孟卜离顶不住了,身子一软,从阎王身边错步闪了出来,叉着腰抖起腿来,一脸要杀要剐随你便的模样。
阎王捂着肚子,被她这副德性气的肝疼。
“肯定是您抹去了她的记忆,对不对?白绾绾杀了那么多人,保不齐就下了地狱吧,是不是被您给安排了?从路形影拿着黑司命的时候我就该猜到了,阎王大人您是不是一直在和猫族打交道?”
阎王取出一枚戒指,丢给了孟卜离。
“带上,就给你关于白绾绾前半生的记载。”
阎王打开书柜,从里面取出一部玉竹简。
孟卜离定睛细看,玉竹简外的编注上写着白绾绾三个字。
“果然在你这里!”
孟卜离心下惊喜,想也没想将戒指带在了手上。
阎王并没食言,见孟卜离带了戒指,便将手中的竹简给了她。
孟卜离打开后立马失望了,竹简是真的,可是上面弯弯绕绕写的全是异族语言,她一个大字都不认识。
卷轴就在眼前,她却无法获取其中的信息。
“你堂堂阎王大人,居然也会匡人!”
孟卜离生气将竹简闭合。
“我可没忽悠你,这是猫族长老亲笔撰写的,正儿八经的老物件!你不学无术看不懂怪我咯?”
阎王悠然坐在椅子上。
孟卜离感觉自己被智商压制了,就这样被摆了一道,心里不爽。
她看着手上的黑色戒指,想把它丢回去。
“这破戒指是什么物件,黑漆漆的,怎么像个笨铅块似得,配不上姐这么好看的手指!”
“不识货,这是幽冥戒指,是丑了点,不过是好东西,送你了。”
阎王口中念出一段法咒,戒指流动起阵阵光泽,似乎是完成了认主的仪式。
孟卜离惊呼一声,只感觉手指隐隐发烫,再想将戒指摘下,却怎么也取不下来,这戒指如同黑洞一般,将她体内的法力源源不断的给吸了个干净。
“阎王大人这是什么意思..”
孟卜离捧着玉竹简,体内法力被短时间内抽空,让她体内酸痛难忍,虚弱的扶着墙才稳住。
“这戒指会吞食主人法力的,你太闹了,老实几天吧,不带上这个肯定又要四处乱搞,我不放心。”

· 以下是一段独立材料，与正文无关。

lemma poisson_coord_a:
  assumes "1 \<le> j" "j < N"
  shows "poisson N (\<lambda>a b. a j) G a b = a j / 4 * (db G j a b - db G (Suc j) a b)"
proof -
  let ?A = "\<lambda>a b. a j"
  have "(\<Sum>k=1..N-1. - a k / 4 * (db ?A k a b * da G k a b - da ?A k a b * db G k a b))
      = (\<Sum>k=1..N-1. if k = j then a j / 4 * db G j a b else 0)"
    by (rule sum.cong) auto
  also have "\<dots> = a j / 4 * db G j a b"
    using assms by simp
  finally have first: "(\<Sum>k=1..N-1. - a k / 4 * (db ?A k a b * da G k a b - da ?A k a b * db G k a b))
      = a j / 4 * db G j a b" .
  have "(\<Sum>k=2..N. a (k-1) / 4 * (db ?A k a b * da G (k-1) a b - da ?A (k-1) a b * db G k a b))
      = (\<Sum>k=2..N. if k = Suc j then - a j / 4 * db G (Suc j) a b else 0)"
    by (rule sum.cong) auto
  also have "\<dots> = - a j / 4 * db G (Suc j) a b"
    using assms by simp
  finally show ?thesis
    unfolding poisson_def first by (simp add: algebra_simps)
qed

lemma poisson_coord_b_eq_0:
  assumes "\<And>k. k \<le> j \<Longrightarrow> da G k a b = 0"
  shows "poisson N (\<lambda>a b. b j) G a b = 0"
  unfolding poisson_def by (subst (1 2) sum.neutral) (auto simp: assms)

definition charpoly_obs :: "nat \<Rightarrow> nat \<Rightarrow> real \<Rightarrow> observable" where
  "charpoly_obs s n x = (\<lambda>a b. charpoly_at a b s n x)"

lemma charpoly_obs_above: "n < s \<Longrightarrow> charpoly_obs s n x = (\<lambda>a b. 1)"
  by (simp add: charpoly_obs_def charpoly_at_above)

lemma charpoly_obs_diag: "charpoly_obs n n x = (\<lambda>a b. x - b n)"
  by (simp add: charpoly_obs_def charpoly_at_diag)

lemma charpoly_obs_rec:
  "s < n \<Longrightarrow> charpoly_obs s n x =
     (\<lambda>a b. (x - b s) * charpoly_obs (Suc s) n x a b - a s * a s * charpoly_obs (Suc (Suc s)) n x a b)"
  by (simp add: charpoly_obs_def charpoly_at_rec)

lemma partially_differentiable_charpoly_obs [simp]: "partially_differentiable (charpoly_obs s n x)"
proof (induction "n - s" arbitrary: s rule: less_induct)
  case less
  consider "n < s" | "s = n" | "s < n" by linarith
  then show ?case
  proof cases
    case 3
    then show ?thesis using less by (simp add: charpoly_obs_rec)
  qed (simp_all add: charpoly_obs_above charpoly_obs_diag)
qed

lemma da_charpoly_obs_below: "k < s \<Longrightarrow> da (charpoly_obs s n x) k a b = 0"
  unfolding da_def charpoly_obs_def by (subst charpoly_at_cong [where a' = a and b' = b]) auto

lemma db_charpoly_obs_below: "k < s \<Longrightarrow> db (charpoly_obs s n x) k a b = 0"
  unfolding db_def charpoly_obs_def by (subst charpoly_at_cong [where a' = a and b' = b]) auto
(* Let $E$ be a reflexive Banach space with $E = V \oplus W$, where $V$ and $W$ are linear subspaces and $\dim V < +\infty$. Let $\Phi\colon E \to \mathbb{R}$ be a $C^1$-functional satisfying: (i) $\Phi$ is coercive on $W$, i.e. $\Phi(w) \to +\infty$ as $\|w\| \to \infty$, $w \in W$; (ii) for every $w \in W$, the map $v \mapsto \Phi(v+w)$, $V \to \mathbb{R}$, is quasi-concave; (iii) $\Phi(v+w) \to -\infty$ as $\|v\| \to +\infty$ ($v\in V$), uniformly for $w$ in bounded subsets of $W$; (iv) for every $v \in V$, the map $w \mapsto \Phi(v+w)$, $W\to\mathbb{R}$, is weakly lower semi-continuous. Then $\Phi$ admits a critical point $u \in E$ (i.e. $\Phi'(u)=0$) with $\Phi(u) = c$, where $$c = \min_{w \in W} \max_{v \in V} \Phi(v+w).$$
   Context: A function $f\colon V \to \mathbb{R}$ is quasi-concave if $f(tx+(1-t)y) \ge \min\{f(x), f(y)\}$ for all $x,y \in V$ and $t \in [0,1]$ (equivalently, all superlevel sets $\{f \ge \alpha\}$ are convex). *)

theory Defs
  imports "HOL-Analysis.Analysis"
begin

definition reflexive_space :: "'a::real_normed_vector itself \<Rightarrow> bool" where
  "reflexive_space _ \<longleftrightarrow>
     (\<forall>\<phi> :: ('a \<Rightarrow>\<^sub>L real) \<Rightarrow>\<^sub>L real. \<exists>x::'a. \<forall>f. blinfun_apply \<phi> f = blinfun_apply f x)"

definition weak_topology :: "'a::real_normed_vector topology" where
  "weak_topology = topology_generated_by
     {{x. blinfun_apply f x \<in> U} | (f :: 'a \<Rightarrow>\<^sub>L real) U. open U}"

definition weakly_lsc_on :: "'a::real_normed_vector set \<Rightarrow> ('a \<Rightarrow> real) \<Rightarrow> bool" where
  "weakly_lsc_on S g \<longleftrightarrow>
     (\<forall>\<alpha>. closedin (subtopology weak_topology S) {x\<in>S. g x \<le> \<alpha>})"

definition quasi_concave_on :: "'a::real_vector set \<Rightarrow> ('a \<Rightarrow> real) \<Rightarrow> bool" where
  "quasi_concave_on S f \<longleftrightarrow>
     (\<forall>x\<in>S. \<forall>y\<in>S. \<forall>t::real. 0 \<le> t \<and> t \<le> 1 \<longrightarrow>
        f (t *\<^sub>R x + (1 - t) *\<^sub>R y) \<ge> min (f x) (f y))"

end

(*
  For w in W put m(w) = max over v in V of Phi(v + w); the maximum exists because V is
  finite-dimensional and Phi(. + w) tends to -infinity on V. As a supremum of weakly lower
  semicontinuous functions, m is weakly lower semicontinuous, and it is coercive on W since
  m(w) >= Phi(w). Bounded subsets of the closed subspace W are weakly relatively compact in the
  reflexive space (W is weakly closed because it has finite codimension), so m attains its
  minimum c at some w0.

  The maximisers M of Phi(. + w0) form a compact convex set on which Phi'(. + w0) vanishes along
  V. For every direction d in W, maximisers for w0 + d/(n+1) accumulate, by the mean value
  theorem and the minimality of w0, at a point of M where Phi'(. + w0) d >= 0; quasi-concavity
  makes the set of such points convex. Komiya's connectedness argument for Sion's minimax
  theorem then produces one v in M with Phi'(v + w0) d >= 0 for all d in W, hence
  Phi'(v + w0) = 0 on W = -W and on V, and u = v + w0 is a critical point at level c.
*)
theory Submission
  imports Defs
begin

section \<open>Finite-dimensional subspaces of Banach spaces\<close>

lemma abs_scale_infdist_le_norm:
  fixes S :: "'a::real_normed_vector set"
  assumes "subspace S" "s \<in> S"
  shows "\<bar>k\<bar> * infdist u S \<le> norm (s + k *\<^sub>R u)"
proof (cases "k = 0")
  case False
  have "(- inverse k) *\<^sub>R s \<in> S" using subspace_scale[OF assms] .
  then have "infdist u S \<le> dist u ((- inverse k) *\<^sub>R s)" by (rule infdist_le)
  also have "\<dots> = norm (inverse k *\<^sub>R (s + k *\<^sub>R u))"
    using False by (simp add: dist_norm algebra_simps)
  also have "\<dots> = norm (s + k *\<^sub>R u) / \<bar>k\<bar>" by (simp add: divide_inverse_commute)
  finally show ?thesis using False by (simp add: field_simps)
qed simp

lemma mem_plus_span_singleton: "x \<in> S + span {u} \<longleftrightarrow> (\<exists>k. x - k *\<^sub>R u \<in> S)"
proof
  assume "x \<in> S + span {u}"
  then obtain s k where "s \<in> S" "x = s + k *\<^sub>R u" by (auto simp: set_plus_def span_singleton)
  then show "\<exists>k. x - k *\<^sub>R u \<in> S" by (intro exI[of _ k]) simp
next
  assume "\<exists>k. x - k *\<^sub>R u \<in> S"
  then obtain k where "x - k *\<^sub>R u \<in> S" ..
  moreover have "k *\<^sub>R u \<in> span {u}" by (simp add: span_base span_scale)
  ultimately have "(x - k *\<^sub>R u) + k *\<^sub>R u \<in> S + span {u}" by (rule set_plus_intro)
  then show "x \<in> S + span {u}" by simp
qed

lemma span_insert_eq_plus: "span (insert u F) = span F + span {u}"
  by (auto simp: span_breakdown_eq mem_plus_span_singleton)
lemma segments_above_and_below_band:
  fixes X F :: "(real \<times> real) set"
  assumes X: "X \<subseteq> cantor_set \<times> UNIV" and c0: "c0 \<in> cantor_set" and s: "0 < s" "s \<le> r/2"
    and dense: "(cantor_set \<inter> {c0 - r<..<c0 + r}) \<times> {t0 - r<..<t0 + r} \<subseteq> closure X"
    and F: "closed F" "X \<inter> F \<subseteq> UNIV \<times> {t0 - r/2<..<t0 + r/2}"
  obtains u v c l h where "c0 - s \<le> u" "u < c" "c < v" "v \<le> c0 + s" "c \<in> cantor_set"
    "u \<notin> cantor_set" "v \<notin> cantor_set" "t0 - r < l" "l < t0 - r/2" "t0 + r/2 < h" "h < t0 + r"
    "({u..v} \<times> {l, h}) \<inter> F = {}"
proof -
  have "(c0, t0 + 3*r/4) \<in> closure X" using dense c0 s by auto
  then obtain c1 h where c1h: "(c1, h) \<in> X" "c0 - s < c1" "c1 < c0 + s" "t0 + r/2 < h" "h < t0 + r"
    by (rule closure_point_box_meetsE) (use s in auto)
  then have "(c1, h) \<notin> F" using F(2) by auto
  then obtain u1 v1 where uv1: "c0 - s \<le> u1" "u1 < c1" "c1 < v1" "v1 \<le> c0 + s"
    and top: "({u1..v1} \<times> {h}) \<inter> F = {}"
    by (rule horizontal_segment_avoiding_closed[OF F(1) _ c1h(2,3)]) (use c1h in auto)
  have "(c1, t0 - 3*r/4) \<in> closure X" using dense X c1h(1-3) s by auto
  then obtain c l where cl: "(c, l) \<in> X" "u1 < c" "c < v1" "t0 - r < l" "l < t0 - r/2"
    by (rule closure_point_box_meetsE) (use uv1 s in auto)
  then have "(c, l) \<notin> F" using F(2) by auto
  then obtain u v where uv: "u1 \<le> u" "u < c" "c < v" "v \<le> v1" "u \<notin> cantor_set" "v \<notin> cantor_set"
    and bottom: "({u..v} \<times> {l}) \<inter> F = {}"
    by (rule horizontal_segment_avoiding_closed[OF F(1) _ cl(2,3)])
  have "{u..v} \<times> {h} \<subseteq> {u1..v1} \<times> {h}" using uv(1,4) by auto
  then have segments: "({u..v} \<times> {l, h}) \<inter> F = {}" using top bottom by blast
  have "c \<in> cantor_set" using cl(1) X by auto
  show ?thesis
    by (rule that) (use \<open>c \<in> cantor_set\<close> segments uv uv1 cl c1h in auto)
qed
lemma interaction_ge:
  assumes nonneg: "\<And>s. 0 \<le> \<phi> s"
    and growth: "\<And>s. 1 \<le> s \<Longrightarrow> B \<le> s powr (2 * d + 1) * \<phi> s"
    and "0 \<le> B" "0 \<le> d" "0 < \<sigma>" "\<sigma> \<le> \<tau>"
  shows "ennreal (B * B * 2 powr - (2 * d + 1) * (\<sigma> / \<tau>) powr d) \<le> interaction \<phi> d \<tau> \<sigma>"
proof -
  have "0 < \<tau>" using assms by simp
  define K where "K = \<tau> powr (- d) * \<sigma> powr (d + 1)"
  have "0 \<le> K" by (simp add: K_def)
  define L where "L = K * (B * (B * 2 powr - (2 * d + 1)))"
  have pointwise: "L \<le> r powr (2 * d + 1) * (\<tau> powr (d + 1) * \<phi> (\<tau> * r)) * (\<sigma> powr (d + 1) * \<phi> (\<sigma> * r))"
    if r: "r \<in> {1/\<sigma>..2/\<sigma>}" for r
  proof -
    have "1 \<le> \<sigma> * r" "\<sigma> * r \<le> 2" "0 < r"
      using r \<open>0 < \<sigma>\<close> by (auto simp: field_simps less_le_trans[of 0 "1/\<sigma>"])
    moreover have "\<sigma> * r \<le> \<tau> * r"
      using \<open>0 < r\<close> assms by simp
    ultimately have far: "B \<le> (\<tau> * r) powr (2 * d + 1) * \<phi> (\<tau> * r)"
      by (intro growth) linarith
    have near: "B * 2 powr - (2 * d + 1) \<le> \<phi> (\<sigma> * r)"
      using nonneg growth \<open>0 \<le> d\<close> \<open>1 \<le> \<sigma> * r\<close> \<open>\<sigma> * r \<le> 2\<close> by (rule growth_lower_bound_1_2)
    have "L \<le> K * (((\<tau> * r) powr (2 * d + 1) * \<phi> (\<tau> * r)) * \<phi> (\<sigma> * r))"
      unfolding L_def using far near \<open>0 \<le> K\<close> \<open>0 \<le> B\<close>
      by (intro mult_left_mono mult_mono) auto
    then show ?thesis
      unfolding interaction_integrand_eq[OF \<open>0 < r\<close> \<open>0 < \<tau>\<close>] K_def by (simp add: mult_ac)
  qed
  have "ennreal (L * (1 / \<sigma>)) = (\<integral>\<^sup>+r. ennreal L * indicator {1/\<sigma>..2/\<sigma>} r \<partial>lborel)"
    using \<open>0 < \<sigma>\<close> \<open>0 \<le> K\<close> \<open>0 \<le> B\<close>
    by (simp add: nn_integral_cmult_indicator L_def divide_right_mono flip: ennreal_mult diff_divide_distrib)
  also have "\<dots> \<le> interaction \<phi> d \<tau> \<sigma>"
    unfolding interaction_def
  proof (intro nn_integral_mono)
    fix r :: real
    show "ennreal L * indicator {1/\<sigma>..2/\<sigma>} r
        \<le> ennreal (r powr (2 * d + 1) * (\<tau> powr (d + 1) * \<phi> (\<tau> * r)) * (\<sigma> powr (d + 1) * \<phi> (\<sigma> * r)))
          * indicator {0<..} r"
      using pointwise[of r] \<open>0 < \<sigma>\<close>
      by (cases "r \<in> {1/\<sigma>..2/\<sigma>}") (auto simp: ennreal_leI less_le_trans[of 0 "1/\<sigma>"])
  qed
  also have "L * (1 / \<sigma>) = B * B * 2 powr - (2 * d + 1) * (\<sigma> / \<tau>) powr d"
    unfolding L_def K_def powr_ratio_eq[OF \<open>0 < \<sigma>\<close> \<open>0 < \<tau>\<close>, symmetric] by simp
  finally show ?thesis .
qed

lemma interaction_bounds:
  assumes [measurable]: "\<phi> \<in> borel_measurable borel"
    and nonneg: "\<And>s. 0 \<le> \<phi> s"
    and integral: "(\<integral>\<^sup>+s. ennreal (\<phi> s) * indicator {0<..} s \<partial>lborel) = ennreal I" "0 \<le> I"
    and decay: "\<And>s. 0 < s \<Longrightarrow> s powr (2 * d + 1) * \<phi> s \<le> A"
    and growth: "\<And>s. 1 \<le> s \<Longrightarrow> B \<le> s powr (2 * d + 1) * \<phi> s"
    and "0 < B" "0 \<le> d"
  shows "\<exists>c1 c2. 0 < c1 \<and> c1 \<le> c2 \<and> (\<forall>\<tau>1 \<tau>2. 0 < \<tau>1 \<longrightarrow> 0 < \<tau>2 \<longrightarrow>
      c1 * (min \<tau>1 \<tau>2 / max \<tau>1 \<tau>2) powr d \<le> enn2real (interaction \<phi> d \<tau>1 \<tau>2) \<and>
      enn2real (interaction \<phi> d \<tau>1 \<tau>2) \<le> c2 * (min \<tau>1 \<tau>2 / max \<tau>1 \<tau>2) powr d)"
proof -
  define c1 where "c1 = B * B * 2 powr - (2 * d + 1)"
  have "0 \<le> A"
    using decay[of 1] nonneg[of 1] by simp
  have bounds: "c1 * (min \<tau>1 \<tau>2 / max \<tau>1 \<tau>2) powr d \<le> enn2real (interaction \<phi> d \<tau>1 \<tau>2) \<and>
      enn2real (interaction \<phi> d \<tau>1 \<tau>2) \<le> A * I * (min \<tau>1 \<tau>2 / max \<tau>1 \<tau>2) powr d"
    if "0 < \<tau>1" "0 < \<tau>2" for \<tau>1 \<tau>2
  proof -
    have "interaction \<phi> d \<tau>1 \<tau>2 = interaction \<phi> d (max \<tau>1 \<tau>2) (min \<tau>1 \<tau>2)"
      by (cases "\<tau>1 \<le> \<tau>2") (simp_all add: interaction_commute max_def min_def)
    moreover have "ennreal (c1 * (min \<tau>1 \<tau>2 / max \<tau>1 \<tau>2) powr d)
        \<le> interaction \<phi> d (max \<tau>1 \<tau>2) (min \<tau>1 \<tau>2)"
      unfolding c1_def using that assms by (intro interaction_ge) auto
    moreover have "interaction \<phi> d (max \<tau>1 \<tau>2) (min \<tau>1 \<tau>2)
        \<le> ennreal (A * I * (min \<tau>1 \<tau>2 / max \<tau>1 \<tau>2) powr d)"
      using that assms by (intro interaction_le) auto
    moreover have "0 \<le> c1" "0 \<le> A * I"
      using \<open>0 \<le> A\<close> \<open>0 \<le> I\<close> by (simp_all add: c1_def)
    ultimately show ?thesis
      by (metis enn2real_ennreal enn2real_leI enn2real_mono ennreal_less_top le_less_trans
          mult_nonneg_nonneg powr_ge_zero)
  qed
  from bounds[of 1 1] have "c1 \<le> A * I"
    by simp
  moreover have "0 < c1"
    using \<open>0 < B\<close> by (simp add: c1_def)
  ultimately show ?thesis
    using bounds by blast
qed
lemma Rats_imp_int_multiple:
  fixes x :: "'a :: field_char_0"
  assumes "x \<in> \<rat>"
  shows "\<exists>v::int. v > 0 \<and> of_int v * x \<in> \<int>"
proof -
  obtain p v where "v > 0" "x = of_int p / of_int v" using assms by (rule Rats_cases')
  then show ?thesis by (intro exI[of _ v]) auto
qed

lemma Rats_common_denominator:
  fixes a :: "'b \<Rightarrow> 'a :: field_char_0"
  assumes "finite I" and "\<forall>i\<in>I. a i \<in> \<rat>"
  shows "\<exists>D::int. D > 0 \<and> (\<forall>i\<in>I. of_int D * a i \<in> \<int>)"
proof -
  have "\<forall>i\<in>I. \<exists>v::int. v > 0 \<and> of_int v * a i \<in> \<int>"
    using Rats_imp_int_multiple assms(2) by blast
  then obtain v where v: "\<forall>i\<in>I. v i > 0 \<and> of_int (v i) * a i \<in> \<int>"
    by metis
  have "of_int (\<Prod>j\<in>I. v j) * a i \<in> \<int>" if i: "i \<in> I" for i
  proof -
    have "of_int (\<Prod>j\<in>I. v j) * a i = of_int (\<Prod>j\<in>I - {i}. v j) * (of_int (v i) * a i)"
      using prod.remove[OF assms(1) i, of v] by simp
    also have "\<dots> \<in> \<int>" using v i by (metis Ints_mult Ints_of_int)
    finally show ?thesis .
  qed
  moreover have "(\<Prod>j\<in>I. v j) > 0" using v by (intro prod_pos) auto
  ultimately show ?thesis by blast
qed

lemma attractor_power_mult_congruent:
  assumes K: "K = (\<Union>i\<in>I. (\<lambda>x. (x + a i) / real q) ` K)"
    and D: "\<forall>i\<in>I. of_int D * a i \<in> \<int>" and x: "x \<in> K" and q: "q > 0"
  shows "\<exists>y\<in>K. of_int D * (real q ^ m * x - y) \<in> \<int>"
proof (induction m)
  case 0
  then show ?case using x by (intro bexI[of _ x]) auto
next
  case (Suc m)
  then obtain y where y: "y \<in> K" "of_int D * (real q ^ m * x - y) \<in> \<int>" by blast
  then obtain i y' where i: "i \<in> I" "y' \<in> K" "y = (y' + a i) / real q"
    using K by blast
  have y': "y' = real q * y - a i" using i(3) q by simp
  have "of_int D * (real q ^ Suc m * x - y') = real q * (of_int D * (real q ^ m * x - y)) + of_int D * a i"
    unfolding y' by (simp add: algebra_simps)
  also have "\<dots> \<in> \<int>" using y D i by (intro Ints_add Ints_mult[OF Ints_of_nat]) auto
  finally show ?case using i(2) by blast
qed

lemma finite_bounded_fractions:
  fixes E :: int and C :: real
  assumes "E > 0"
  shows "finite {e::real. of_int E * e \<in> \<int> \<and> \<bar>e\<bar> \<le> C}"
proof (rule finite_subset)
  let ?B = "\<lceil>of_int E * C\<rceil>"
  show "finite ((\<lambda>j. of_int j / of_int E) ` {-?B..?B})" by simp
  show "{e::real. of_int E * e \<in> \<int> \<and> \<bar>e\<bar> \<le> C} \<subseteq> (\<lambda>j. of_int j / of_int E) ` {-?B..?B}"
  proof
    fix e :: real assume "e \<in> {e. of_int E * e \<in> \<int> \<and> \<bar>e\<bar> \<le> C}"
    then obtain j where j: "of_int E * e = of_int j" and bound: "\<bar>e\<bar> \<le> C" by (auto elim: Ints_cases)
    have "\<bar>of_int j\<bar> \<le> of_int E * C"
      using bound assms by (simp flip: j add: abs_mult mult_left_mono)
    then have "j \<in> {-?B..?B}" by (simp add: abs_le_iff) linarith
    moreover have "e = of_int j / of_int E" using j assms by (simp add: field_simps)
    ultimately show "e \<in> (\<lambda>j. of_int j / of_int E) ` {-?B..?B}" by blast
  qed
qed

lemma interior_affine_image_empty:
  fixes K :: "real set"
  assumes "s \<noteq> 0" and "interior K = {}"
  shows "interior ((\<lambda>y. s * y + e) ` K) = {}"
proof -
  have "(\<lambda>y. s * y + e) ` K = (+) e ` (*) s ` K" by (auto simp: image_image add.commute)
  moreover have "interior ((*) s ` K) = (*) s ` interior K"
    using assms(1) by (intro interior_injective_linear_image) (auto simp: linear_cmul inj_on_def)
  ultimately show ?thesis using assms(2) by (simp add: interior_translation)
qed

lemma interior_finite_Union_closed_empty:
  fixes P :: "'b \<Rightarrow> 'a::topological_space set"
  assumes "finite F" and "\<And>e. e \<in> F \<Longrightarrow> closed (P e) \<and> interior (P e) = {}"
  shows "interior (\<Union>e\<in>F. P e) = {}"
  using assms
proof (induction F rule: finite_induct)
  case (insert e F)
  then have "interior ((\<Union>e\<in>F. P e) \<union> P e) = interior (\<Union>e\<in>F. P e)"
    by (intro interior_closed_Un_empty_interior) (auto intro!: closed_UN)
  then show ?case using insert by (simp add: Un_commute)
qed simp

lemma expansion_tail_offset_Ints:
  assumes q: "q \<ge> 2" and t: "q_adic_expansion q (s * x + r) d"
    and K: "K = (\<Union>i\<in>I. (\<lambda>x. (x + a i) / real q) ` K)" and D: "\<forall>i\<in>I. of_int D * a i \<in> \<int>"
    and s: "of_int v * s \<in> \<int>" and r: "of_int w * r \<in> \<int>" and x: "x \<in> K"
  shows "\<exists>y\<in>K. of_int (D * v * w) * (expansion_tail q d m - s * y) \<in> \<int>"
proof -
  obtain y where y: "y \<in> K" "of_int D * (real q ^ m * x - y) \<in> \<int>"
    using attractor_power_mult_congruent[OF K D x] q by auto
  obtain N where "real q ^ m * (s * x + r) - expansion_tail q d m = of_int N"
    using power_mult_minus_expansion_tail_Ints[OF q t, of m] by (auto elim: Ints_cases)
  then have "of_int (D * v * w) * (expansion_tail q d m - s * y)
      = of_int w * (of_int v * s) * (of_int D * (real q ^ m * x - y))
        + of_int (D * v) * real q ^ m * (of_int w * r) - of_int (D * v * w * N)"
    by (simp add: algebra_simps flip: \<open>_ = of_int N\<close>)
  also have "\<dots> \<in> \<int>"
    using Ints_mult[OF Ints_mult[OF Ints_of_int s] y(2)] Ints_mult[OF Ints_mult[OF Ints_of_int Ints_power[OF Ints_of_nat]] r]
    by (intro Ints_diff Ints_add Ints_of_int)
  finally show ?thesis using y(1) by blast
qed

lemma not_universal_expansion_rational_affine_attractor:
  assumes q: "q \<ge> 2" and "finite I" and "\<forall>i\<in>I. a i \<in> \<rat>"
    and "compact K" and K: "K = (\<Union>i\<in>I. (\<lambda>x. (x + a i) / real q) ` K)" and "interior K = {}"
    and "s \<in> \<rat>" and "s \<noteq> 0" and "r \<in> \<rat>" and x: "x \<in> K"
  shows "\<not> has_universal_expansion q (s * x + r)"
proof
  assume "has_universal_expansion q (s * x + r)"
  then obtain d where t: "q_adic_expansion q (s * x + r) d" and "universal_expansion q d"
    unfolding has_universal_expansion_def by blast
  have digits: "\<forall>k\<ge>1. d k < q" using t by (simp add: q_adic_expansion_def)
  obtain D where D: "D > 0" "\<forall>i\<in>I. of_int D * a i \<in> \<int>"
    using Rats_common_denominator assms(2,3) by blast
  obtain v w where v: "v > 0" "of_int v * s \<in> \<int>" and w: "w > 0" "of_int w * r \<in> \<int>"
    using Rats_imp_int_multiple assms(7,9) by metis
  obtain M where M: "\<forall>y\<in>K. \<bar>y\<bar> \<le> M"
    using compact_imp_bounded[OF \<open>compact K\<close>] unfolding bounded_iff by auto
  define F where "F = {e. of_int (D * v * w) * e \<in> \<int> \<and> \<bar>e\<bar> \<le> 1 + \<bar>s\<bar> * M}"
  define S where "S = (\<Union>e\<in>F. (\<lambda>y. s * y + e) ` K)"
  have "finite F" unfolding F_def using D v w by (intro finite_bounded_fractions) simp
  have copies_closed: "closed ((\<lambda>y. s * y + e) ` K)" for e
    by (intro compact_imp_closed compact_continuous_image continuous_intros \<open>compact K\<close>)
  have "range (expansion_tail q d) \<subseteq> S"
  proof clarify
    fix m
    obtain y where y: "y \<in> K" "of_int (D * v * w) * (expansion_tail q d m - s * y) \<in> \<int>"
      using expansion_tail_offset_Ints[OF q t K D(2) v(2) w(2) x] by blast
    have "\<bar>s * y\<bar> \<le> \<bar>s\<bar> * M" using M y(1) by (simp add: abs_mult mult_left_mono)
    then have "\<bar>expansion_tail q d m - s * y\<bar> \<le> 1 + \<bar>s\<bar> * M"
      using expansion_tail_nonneg[OF q digits, of m] expansion_tail_le_1[OF q digits, of m] by linarith
    with y have "expansion_tail q d m - s * y \<in> F" unfolding F_def by blast
    moreover have "expansion_tail q d m = s * y + (expansion_tail q d m - s * y)" by simp
    ultimately show "expansion_tail q d m \<in> S" unfolding S_def using y(1) by blast
  qed
  moreover have "closed S" unfolding S_def using \<open>finite F\<close> copies_closed by (intro closed_UN) auto
  ultimately have "{0..<1} \<subseteq> S"
    using universal_expansion_tails_dense[OF q t \<open>universal_expansion q d\<close>] closure_minimal by blast
  then have "{0<..<1} \<subseteq> interior S"
    using interior_mono[of "{0<..<1}" S] by fastforce
  then have "1 / 2 \<in> interior S" by auto
  moreover have "interior S = {}" unfolding S_def
    using \<open>finite F\<close> copies_closed interior_affine_image_empty[OF \<open>s \<noteq> 0\<close> \<open>interior K = {}\<close>]
    by (intro interior_finite_Union_closed_empty) auto
  ultimately show False by simp
qed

“死腹黑!你搞些鬼画符来耍弄我,又弄个丑戒指废我修为!我要状告天帝,罚你去菜园地里挖土豆!”
“小离,说到惩罚,你擅闯天宗楼,拳打我的鬼差,暴力反抗地府阴兵,还偷进我的书房,全是重罪,你真是一点不带消停的,要数罪并罚,罚你什么好呢?”
阎王得意的挽起嘴角,不动声色的笑着,思索了一下,“就罚你去寒冰地狱受五年寒刑,念在你在人间除妖有功,减成三年。我看你是被爱情吹昏了头脑,先吹吹风吧,冷静冷静。”
孟卜离像是被宣判了死刑似得瘫软在地上,不敢置信的看着阎王。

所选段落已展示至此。